Hablando así Wenceslao era sincero, pues como hemos dicho, sus ideas de ambicion se habian desvanecido á la presencia de Isabel. La jóven se sonrió con ternura, moviendo tristemente la cabeza.

En ese momento el reloj del salon dió las doce.

-1 Dios mio! dijo Isabel, es media noche, y yo no he pensado aun en curar tu herida.

Un terrible recuerdo brilló como un relámpago en la memoria de Wenceslao, que llevó vivamente las manos al pecho.

Era tarde!

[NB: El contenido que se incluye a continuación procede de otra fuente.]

section \<open>Bezout identities for irreducible polynomials\<close>

lemma field_poly_bezout:
  fixes p q :: "'a::field poly"
  assumes "irreducible p" "\<not> p dvd q"
  obtains a b where "a * p + b * q = 1"
proof -
  define I where "I = {a * p + b * q | a b. True}"
  have I_closed: "u * x + v * y \<in> I" if x: "x \<in> I" and y: "y \<in> I" for u v x y
  proof -
    obtain a b a' b' where "x = a * p + b * q" "y = a' * p + b' * q"
      using x y unfolding I_def by blast
    then have "u * x + v * y = (u * a + v * a') * p + (u * b + v * b') * q"
      by (simp add: algebra_simps)
    then show ?thesis
      unfolding I_def by blast
  qed
  have "p \<in> I" "q \<in> I"
    unfolding I_def by (force intro: exI[of _ 1] exI[of _ 0])+
  \<comment> \<open>A nonzero element of least degree generates the ideal I.\<close>
  have "p \<noteq> 0"
    using \<open>irreducible p\<close> by auto
  then obtain m where m: "m \<in> I" "m \<noteq> 0" and least: "\<forall>x. x \<in> I \<and> x \<noteq> 0 \<longrightarrow> degree m \<le> degree x"
    using ex_has_least_nat[of "\<lambda>x. x \<in> I \<and> x \<noteq> 0" p degree] \<open>p \<in> I\<close> by blast
  have m_dvd: "m dvd x" if "x \<in> I" for x
  proof -
    have "x mod m \<in> I"
      using I_closed[OF that m(1), of 1 "- (x div m)"]
      by (simp add: minus_div_mult_eq_mod [symmetric] algebra_simps)
    then have "x mod m = 0"
      using least degree_mod_less[OF m(2), of x] by fastforce
    then show ?thesis
      by (simp add: mod_eq_0_iff_dvd)
  qed
  obtain k where "p = m * k"
    using m_dvd[OF \<open>p \<in> I\<close>] by blast
  moreover have "\<not> is_unit k"
    using m_dvd[OF \<open>q \<in> I\<close>] \<open>\<not> p dvd q\<close> \<open>p = m * k\<close> by (metis dvd_mult_unit_iff dvd_refl dvd_trans)
  ultimately obtain u where "m * u = 1"
    using irreducibleD[OF \<open>irreducible p\<close>] by (metis dvdE)
  moreover obtain a b where "m = a * p + b * q"
    using m(1) unfolding I_def by blast
  ultimately have "(u * a) * p + (u * b) * q = 1"
    by (simp add: algebra_simps)
  then show ?thesis
    by (rule that)
qed

lemma fract_poly_clear_denominator:
  fixes p :: "'a::{factorial_semiring,semiring_Gcd,ring_gcd,idom_divide,semiring_gcd_mult_normalize}
    fract poly"
  obtains d q where "d \<noteq> 0" "smult (to_fract d) p = fract_poly q"
proof -
  obtain c p' where p: "p = smult c (fract_poly p')"
    using content_decompose_fract by blast
  obtain n d where "d \<noteq> 0" "c = to_fract n / to_fract d"
    by (metis Fract_conv_to_fract snd_quot_of_fract_nonzero Fract_quot_of_fract)
  then have "smult (to_fract d) p = fract_poly (smult n p')"
    unfolding p by simp
  then show ?thesis
    using \<open>d \<noteq> 0\<close> that by blast
qed


lemma irreducible_poly_bezout_const:
  fixes f h :: "'a::{factorial_semiring,semiring_Gcd,ring_gcd,idom_divide,semiring_gcd_mult_normalize}
    poly"
  assumes "irreducible f" "degree f \<noteq> 0" "\<not> f dvd h"
  obtains a b d where "d \<noteq> 0" "a * f + b * h = [:d:]"
proof -
  have irr: "irreducible (fract_poly f)" and "content f = 1"
    using nonconst_poly_irreducible_iff[OF \<open>degree f \<noteq> 0\<close>] \<open>irreducible f\<close> by simp_all
  have ndvd: "\<not> fract_poly f dvd fract_poly h"
    using fract_poly_dvdD \<open>content f = 1\<close> \<open>\<not> f dvd h\<close> by blast
  obtain a b where ab: "a * fract_poly f + b * fract_poly h = 1"
    by (rule field_poly_bezout[OF irr ndvd])
  obtain d1 a' where "d1 \<noteq> 0" and a': "smult (to_fract d1) a = fract_poly a'"
    by (rule fract_poly_clear_denominator)
  obtain d2 b' where "d2 \<noteq> 0" and b': "smult (to_fract d2) b = fract_poly b'"
    by (rule fract_poly_clear_denominator)
  have "fract_poly (smult d2 a' * f + smult d1 b' * h)
      = smult (to_fract d2) (smult (to_fract d1) a) * fract_poly f
        + smult (to_fract d1) (smult (to_fract d2) b) * fract_poly h"
    by (simp only: a' b' fract_poly_add fract_poly_mult fract_poly_smult)
  also have "\<dots> = smult (to_fract (d1 * d2)) (a * fract_poly f + b * fract_poly h)"
    by (simp add: smult_add_right mult.commute)
  also have "\<dots> = fract_poly [:d1 * d2:]"
    by (simp add: ab map_poly_pCons)
  finally have "smult d2 a' * f + smult d1 b' * h = [:d1 * d2:]"
    by (simp only: fract_poly_eq_iff)
  then show ?thesis
    by (rule that[rotated]) (simp add: \<open>d1 \<noteq> 0\<close> \<open>d2 \<noteq> 0\<close>)
qed

lemma finite_common_zeros_poly2:
  fixes f h :: "real poly poly"
  assumes "irreducible f" "degree f \<noteq> 0" "\<not> f dvd h"
  shows "finite {x. \<exists>y. poly2 f x y = 0 \<and> poly2 h x y = 0}"
proof -
  obtain a b d where "d \<noteq> 0" and bezout: "a * f + b * h = [:d:]"
    by (rule irreducible_poly_bezout_const[OF assms])
  have "poly d x = 0" if "poly2 f x y = 0" "poly2 h x y = 0" for x y
    using arg_cong[OF bezout, of "\<lambda>F. poly2 F x y"] that by simp
  then have "{x. \<exists>y. poly2 f x y = 0 \<and> poly2 h x y = 0} \<subseteq> {x. poly d x = 0}"
    by blast
  then show ?thesis
    using poly_roots_finite[OF \<open>d \<noteq> 0\<close>] by (rule finite_subset)
qed
text \<open>The identity theorem gives equality on the open disc; summability of the nonnegative
  coefficients makes the series continuous on the closed disc, which carries it to the boundary.\<close>
lemma power_series_eq_entire_on_cball:
  fixes p :: "nat \<Rightarrow> real" and G :: "complex \<Rightarrow> complex"
  assumes p: "\<And>n. p n \<ge> 0" "summable p" and G: "G holomorphic_on UNIV"
    and eq: "\<And>u::real. \<bar>u\<bar> < 1 \<Longrightarrow> (\<Sum>n. of_real (p n) * of_real u ^ n) = G (of_real u)"
    and z: "norm z \<le> 1"
  shows "(\<Sum>n. of_real (p n) * z ^ n) = G z"
proof -
  define F where "F w = (\<Sum>n. of_real (p n) * w ^ n)" for w :: complex
  have "fps_conv_radius (Abs_fps (\<lambda>n. complex_of_real (p n))) \<ge> 1"
    using conv_radius_geI[of "\<lambda>n. complex_of_real (p n)" 1] p(2)
    by (simp add: fps_conv_radius_def one_ereal_def)
  then have holF: "F holomorphic_on ball 0 1"
    unfolding F_def using eball_mono[of 1 _ 0]
    by (intro holomorphic_on_eval_fps[where f="Abs_fps (\<lambda>n. complex_of_real (p n))", unfolded eval_fps_def fps_nth_Abs_fps])
      (auto simp: one_ereal_def)
  have "uniform_limit (cball 0 1) (\<lambda>n w. \<Sum>i<n. of_real (p i) * w ^ i) F sequentially"
    unfolding F_def[abs_def]
    by (rule Weierstrass_m_test[where M=p])
      (auto simp: norm_mult norm_power p intro!: mult_left_le power_le_one)
  then have contF: "continuous_on (cball 0 1) F"
    by (intro uniform_limit_theorem[where F=sequentially]) (auto intro!: always_eventually continuous_intros)
  have limpt: "0 islimpt complex_of_real ` {-1<..<1}"
    unfolding islimpt_approachable
  proof (intro allI impI)
    fix e :: real assume "0 < e"
    then show "\<exists>x'\<in>complex_of_real ` {-1<..<1}. x' \<noteq> 0 \<and> dist x' 0 < e"
      by (intro bexI[of _ "of_real (min (e/2) (1/2))"]) (auto simp: dist_norm)
  qed
  have eqF: "F (of_real u) - G (of_real u) = 0" if "-1 < u" "u < 1" for u
    using eq[of u] that unfolding F_def by simp
  have "F w - G w = 0" if "w \<in> ball 0 1" for w
  proof (rule analytic_continuation[where f="\<lambda>w. F w - G w" and S="ball 0 1" and U="complex_of_real ` {-1<..<1}" and \<xi>=0])
    show "(\<lambda>w. F w - G w) holomorphic_on ball 0 1"
      using holF holomorphic_on_subset[OF G] by (intro holomorphic_intros) auto
  qed (use that limpt eqF in auto)
  then have "ball 0 1 \<subseteq> {w \<in> cball 0 1. F w - G w = 0}"
    by auto
  moreover have "closed {w \<in> cball 0 1. F w - G w = 0}"
    using contF holomorphic_on_imp_continuous_on[OF G]
    by (intro continuous_closed_preimage_constant continuous_intros) (auto intro: continuous_on_subset)
  ultimately have "closure (ball 0 1) \<subseteq> {w \<in> cball 0 1. F w - G w = 0}"
    by (rule closure_minimal)
  with z show ?thesis
    unfolding F_def by (auto simp: subset_iff)
qed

Isabel lo habia descubierto para levantar el apósito de la herida.

Un profundo silencio reinó entonces en el cuarto. Wenceslao inmóvil de confusion y terror, miraba á Isabel que pálida como una muerta tenia entre sus manos un guante negro que examinaba con mirada fija y devorante.

De repente sus grandes ojos se abrieron desmesuradamente; de su pecho se exhaló un grito ahogado, sus brazos se deslizaron inertes á lo largo de su cuerpo, sus piés vacilaron, y cayendo sobre sus rodillas, ocultó su frente en el suelo.

En la parte interior del guante, sobre la cinta que contiene el resorte, Isabel habia leido el nombre de Manuela Rosas.

-¡ Isabel! amada mia, dignate escucharme un momento! no me condenes sin oirme ! esclamó Wenceslao,

tendiendo los brazos para levantarla. Ella le rechazó en silencio, volviendo á su primera actitud.

Largo rato quedó así inmovil, silenciosa é insensible á las súplicas de Wenceslao.

Despues alzó su frente; pasó por ella la mano, como para avivar un recuerdo, y poniéndose en pié:

-¡Oh! padre mio ! exclamó, cruzando los brazos y elevando al cielo su profunda mirada, este golpe que hiere mi corazon, es el castigo de la hija culpable que infiel á su juramento, dejaba vagar olvidada vuestra sangrienta sombra, cambiando impiamente vuestra venganza con el amor de un federal.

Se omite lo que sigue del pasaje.